As the leading provider of relational database software, it's hardly surprising that Oracle initially gave little or no credence to the NoSQL movement that emerged in 2009. Indeed, an Oracle white paper from May 2011 concluded with the recommendation to "Go for the tried and true path," and avoid NoSQL databases.

Those of us who have been following Oracle for many years have learned to expect both business and technical savvy from the venerable corporation. So, it's not unexpected to see a company such as Oracle initially dismiss a new technology, only to embrace it as the momentum grows.

NoSQL databases currently represent only a tiny fraction of enterprise database deployments. Nevertheless, Oracle has seen key customers adopt NoSQL solutions and clearly has strong motivation to provide its own NoSQL solution.
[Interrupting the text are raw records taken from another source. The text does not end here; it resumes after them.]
context
  fixes x assumes x_in_V: "x \<in> V" and off_path: "\<forall>i\<le>L. x \<noteq> p i"
begin

lemma off_path_neq [simp]: "i \<le> L \<Longrightarrow> x \<noteq> p i" "i \<le> L \<Longrightarrow> p i \<noteq> x"
  using off_path by auto

lemma not_only_last_path_nbr:
  assumes "path_nbr x L" shows "\<exists>i<L. path_nbr x i"
proof (rule ccontr)
  assume "\<not> (\<exists>i<L. path_nbr x i)"
  then have "\<forall>i\<le>L. G (p i) x \<longleftrightarrow> i = L"
    using assms unfolding path_nbr_def by (auto simp: le_less)
  then have "induced_path (p(Suc L := x)) (Suc L)"
    using induced_path_extend induced x_in_V off_path by blast
  then show False using longest by fastforce
qed

lemma not_only_first_path_nbr:
  assumes "path_nbr x 0" shows "\<exists>i>0. path_nbr x i"
proof (rule ccontr)
  let ?r = "\<lambda>i. p (L - i)"
  assume "\<not> (\<exists>i>0. path_nbr x i)"
  then have "G (p j) x \<longleftrightarrow> j = 0" if "j \<le> L" for j
    using assms that unfolding path_nbr_def by (cases "j = 0") auto
  then have "\<forall>i\<le>L. G (?r i) x \<longleftrightarrow> i = L" by auto
  moreover have "\<forall>i\<le>L. x \<noteq> ?r i" by simp
  ultimately have "induced_path (?r(Suc L := x)) (Suc L)"
    using induced_path_extend induced_path_reverse[OF induced] x_in_V by blast
  then show False using longest by fastforce
qed

lemma path_nbr_interior:
  assumes "0 < i" "i < L" "path_nbr x i" shows "path_nbr x (i - 1) \<or> path_nbr x (i + 1)"
proof (rule ccontr)
  assume "\<not> ?thesis"
  then show False
    by (intro no_claw[of "p i" "p (i - 1)" "p (i + 1)" x]) (use assms in \<open>auto simp: path_nbr_def\<close>)
qed

lemma path_nbr_pair_extends:
  assumes "1 \<le> i" "i + 2 \<le> L" "path_nbr x i" "path_nbr x (i + 1)"
  shows "path_nbr x (i - 1) \<or> path_nbr x (i + 2)"
proof (rule ccontr)
  assume "\<not> ?thesis"
  then show False
    by (intro no_bull[of "p i" "p (i + 1)" x "p (i - 1)" "p (i + 2)"])
      (use assms in \<open>auto simp: path_nbr_def adj_sym[of x]\<close>)
qed

lemma no_spread_path_nbrs:
  assumes "path_nbr x i" "path_nbr x j" "path_nbr x l" "i + 2 \<le> j" "j + 2 \<le> l"
  shows False
  using no_claw[of x "p i" "p j" "p l"] assms by (auto simp: path_nbr_def adj_sym[of x])

lemma no_four_consecutive_path_nbrs:
  assumes "path_nbr x i" "path_nbr x (i + 1)" "path_nbr x (i + 2)" "path_nbr x (i + 3)"
  shows False
proof (cases i)
  case 0
  then have nbrs: "path_nbr x 0" "path_nbr x 1" "path_nbr x 2" "path_nbr x 3"
    using assms by (simp_all add: numeral_2_eq_2)
  have "path_nbr x 4"
  proof (rule ccontr)
    assume "\<not> path_nbr x 4"
    then show False
      by (intro no_bull[of "p 3" x "p 2" "p 4" "p 0"])
        (use nbrs long in \<open>auto simp: path_nbr_def adj_sym[of x]\<close>)
  qed
  then show False using no_spread_path_nbrs[of 0 2 4] nbrs by simp
next
  case (Suc k)
  have "path_nbr x k"
  proof (rule ccontr)
    assume "\<not> path_nbr x k"
    then show False
      by (intro no_bull[of "p i" x "p (i + 1)" "p k" "p (i + 3)"])
        (use assms Suc path_nbr_le[OF assms(4)] in \<open>auto simp: path_nbr_def adj_sym[of x]\<close>)
  qed
  then show False using no_spread_path_nbrs[of k "i + 1" "i + 3"] assms Suc by simp
qed

lemma first_pair_excludes_far_path_nbrs:
  assumes "path_nbr x 0" "path_nbr x 1" "\<not> path_nbr x 2" "path_nbr x j" "4 \<le> j"
  shows False
  by (rule no_bull[of "p 1" x "p 0" "p 2" "p j"])
    (use assms path_nbr_le[OF assms(4)] in \<open>auto simp: path_nbr_def adj_sym[of x]\<close>)

lemma last_pair_excludes_far_path_nbrs:
  assumes "path_nbr x (L - 1)" "path_nbr x L" "\<not> path_nbr x (L - 2)" "path_nbr x j" "j + 4 \<le> L"
  shows False
proof -
  have "L - 1 = Suc (L - 2)" "L = Suc (L - 1)" using long by arith+
  then show False
    by (intro no_bull[of "p (L - 1)" x "p L" "p (L - 2)" "p j"])
      (use assms in \<open>auto simp: path_nbr_def adj_sym[of x]\<close>)
qed

lemma has_type_middle:
  assumes "k + 2 \<le> L" "path_nbr x k" "path_nbr x (k + 1)" "path_nbr x (k + 2)"
  shows "has_type x (k + 1)"
proof -
  have "k \<le> i \<and> i \<le> k + 2" if "path_nbr x i" for i
  proof (rule ccontr)
    assume "\<not> ?thesis"
    then consider "k + 4 \<le> i" | "i + 2 \<le> k" | "i = k + 3" | "i + 1 = k" by arith
    then show False
    proof cases
      case 1
      then show False using no_spread_path_nbrs[of k "k + 2" i] assms that by auto
    next
      case 2
      then show False using no_spread_path_nbrs[of i k "k + 2"] assms that by auto
    next
      case 3
      then show False using no_four_consecutive_path_nbrs[of k] assms that by auto
    next
      case 4
      then show False using no_four_consecutive_path_nbrs[of i] assms that by (auto simp: eval_nat_numeral)
    qed
  qed
  moreover have "path_nbr x i" if "k \<le> i" "i \<le> k + 2" for i
  proof -
    have "i = k \<or> i = k + 1 \<or> i = k + 2" using that by arith
    then show ?thesis using assms by auto
  qed
  ultimately have "G (p i) x \<longleftrightarrow> k \<le> i \<and> i \<le> k + 2" if "i \<le> L" for i
    using that unfolding path_nbr_def by blast
  then show ?thesis using assms(1) unfolding has_type_def by (auto simp: near_within_path)
qed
Consequently, Oracle announced "Oracle NoSQL" at Oracle OpenWorld in October.

Oracle acquired an embedded NoSQL solution-Berkeley DB-from Sleepycat software in 2006. Ironically, this was considered by some to be in response to another disruptive threat-that of open source databases such as MySQL. But, conveniently, Berkeley DB gave Oracle a good foundation on which to build for a more scalable nonrelational datastore.

Oracle NoSQL is a distributed key-value store: values written to nodes in a cluster based on a hash of the key value. Unlike some NoSQL databases, there is no support for a partitioning scheme that allows adjacent keys to be located on the same node. However, Oracle NoSQL supports the concept of major and minor key paths:  A major key may have sub-keys all stored on the same node. These may be used to optimize the retrieval of master detail records.

When a write occurs, copies of the data will also be written to other nodes to protect against data loss. This replication can be synchronous or asynchronous-synchronous replication increases write latency but guarantees no data loss in the event of a node failure.

In some NoSQL databases, the location of the latest value may be nondeterministic: The database may need to read multiple nodes to determine the most correct value. Oracle NoSQL, instead, nominates a master node which will always have the most up-to-date value. As a result, the database is immediately rather than eventually consistent.

Oracle offers Oracle NoSQL as stand-alone software, or in the upcoming "big data appliance." The big data appliance is delivered as a rack of 18 servers, each with 12 cores, 12x2TB of disk, and 48GB of RAM. To save you the math, that's a total of 864TB of storage across 216 disk spindles, 216 cores, and 864GB of RAM. The big data appliance also includes a copy of Apache Hadoop, and I suspect that Hadoop-not Oracle NoSQL-will be the main market driver for With NoSQL at a fairly early level of maturity, it's typical for some key features to be absent in an initial release, and Oracle NoSQL is no exception. The most surprising limitation in the initial release is undoubtedly the fixed number of nodes. Unlike virtually every other distributed key-value store, Oracle NoSQL currently supports only a fixed number of nodes. You cannot add or remove nodes from your cluster.

This lack of elastic scalability in the initial release will probably be a significant barrier to widespread adoption. However, Oracle's community and customer base is massive. For many Oracle customers, Oracle's endorsement of NoSQL will provide the impetus to consider nonrelational solutions. Almost by definition, the largest database vendor in the world introducing a NoSQL solution legitimizes NoSQL as an enterprise technology.